[Stored data]
..............................

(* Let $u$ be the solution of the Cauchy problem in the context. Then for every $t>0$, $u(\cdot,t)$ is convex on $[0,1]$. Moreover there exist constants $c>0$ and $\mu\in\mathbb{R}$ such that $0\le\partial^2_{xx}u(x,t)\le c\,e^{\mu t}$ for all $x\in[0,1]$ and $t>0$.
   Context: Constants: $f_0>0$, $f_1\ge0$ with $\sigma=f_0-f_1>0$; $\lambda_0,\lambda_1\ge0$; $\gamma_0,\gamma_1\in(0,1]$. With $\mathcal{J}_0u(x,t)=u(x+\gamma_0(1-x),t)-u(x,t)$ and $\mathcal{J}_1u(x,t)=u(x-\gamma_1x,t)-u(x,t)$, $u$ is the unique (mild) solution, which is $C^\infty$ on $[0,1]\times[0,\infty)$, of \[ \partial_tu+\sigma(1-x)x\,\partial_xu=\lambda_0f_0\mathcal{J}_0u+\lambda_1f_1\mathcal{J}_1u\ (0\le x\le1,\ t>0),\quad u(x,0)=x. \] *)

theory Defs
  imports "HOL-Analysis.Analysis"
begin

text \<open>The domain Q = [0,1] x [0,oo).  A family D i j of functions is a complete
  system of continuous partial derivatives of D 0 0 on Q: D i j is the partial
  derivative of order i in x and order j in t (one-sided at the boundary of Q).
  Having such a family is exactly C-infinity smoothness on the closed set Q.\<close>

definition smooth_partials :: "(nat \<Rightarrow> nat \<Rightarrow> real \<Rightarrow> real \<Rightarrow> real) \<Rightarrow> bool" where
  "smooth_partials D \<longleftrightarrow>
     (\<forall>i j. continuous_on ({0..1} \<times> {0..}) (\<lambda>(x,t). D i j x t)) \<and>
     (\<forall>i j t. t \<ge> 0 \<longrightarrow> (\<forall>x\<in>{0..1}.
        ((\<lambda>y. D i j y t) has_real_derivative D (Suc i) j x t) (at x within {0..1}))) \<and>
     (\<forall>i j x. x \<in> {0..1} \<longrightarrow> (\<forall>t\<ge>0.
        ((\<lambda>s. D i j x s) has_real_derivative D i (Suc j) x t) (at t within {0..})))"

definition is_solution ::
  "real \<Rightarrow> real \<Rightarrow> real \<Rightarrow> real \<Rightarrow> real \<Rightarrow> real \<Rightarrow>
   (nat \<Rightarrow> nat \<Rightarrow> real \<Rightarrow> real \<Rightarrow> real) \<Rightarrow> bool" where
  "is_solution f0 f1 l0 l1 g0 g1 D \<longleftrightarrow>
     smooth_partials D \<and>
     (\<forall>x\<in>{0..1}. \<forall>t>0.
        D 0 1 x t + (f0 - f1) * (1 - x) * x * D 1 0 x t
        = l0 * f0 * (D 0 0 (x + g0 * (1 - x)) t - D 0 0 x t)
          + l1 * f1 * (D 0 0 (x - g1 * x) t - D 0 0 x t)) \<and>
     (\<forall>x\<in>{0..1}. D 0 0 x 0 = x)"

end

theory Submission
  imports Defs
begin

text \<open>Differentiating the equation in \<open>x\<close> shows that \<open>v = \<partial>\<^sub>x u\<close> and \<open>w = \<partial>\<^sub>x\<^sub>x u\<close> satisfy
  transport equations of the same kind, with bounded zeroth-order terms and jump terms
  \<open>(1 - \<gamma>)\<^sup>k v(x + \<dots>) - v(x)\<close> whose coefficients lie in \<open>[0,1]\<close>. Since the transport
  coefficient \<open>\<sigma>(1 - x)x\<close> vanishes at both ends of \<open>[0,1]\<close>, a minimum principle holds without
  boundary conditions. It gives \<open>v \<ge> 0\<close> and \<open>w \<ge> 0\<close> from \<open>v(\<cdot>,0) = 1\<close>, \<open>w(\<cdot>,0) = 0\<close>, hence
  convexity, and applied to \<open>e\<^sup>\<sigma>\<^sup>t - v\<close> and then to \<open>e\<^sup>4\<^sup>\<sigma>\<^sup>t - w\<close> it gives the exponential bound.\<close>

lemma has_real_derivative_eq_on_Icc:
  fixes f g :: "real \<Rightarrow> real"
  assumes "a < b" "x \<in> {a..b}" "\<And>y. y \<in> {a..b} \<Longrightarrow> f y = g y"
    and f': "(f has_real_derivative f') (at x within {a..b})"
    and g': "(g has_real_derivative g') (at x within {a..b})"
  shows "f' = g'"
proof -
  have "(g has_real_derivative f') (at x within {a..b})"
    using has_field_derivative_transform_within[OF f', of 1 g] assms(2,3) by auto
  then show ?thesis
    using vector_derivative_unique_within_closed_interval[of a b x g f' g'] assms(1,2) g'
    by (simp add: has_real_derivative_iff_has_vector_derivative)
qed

..............................

AIM OF THE TASK –
Check each line of the records above for "boundary", and copy those that have it.

PROBLEM SOLUTION –
  derivative of order i in x and order j in t (one-sided at the boundary of Q).
  boundary conditions. It gives \<open>v \<ge> 0\<close> and \<open>w \<ge> 0\<close> from \<open>v(\<cdot>,0) = 1\<close>, \<open>w(\<cdot>,0) = 0\<close>, hence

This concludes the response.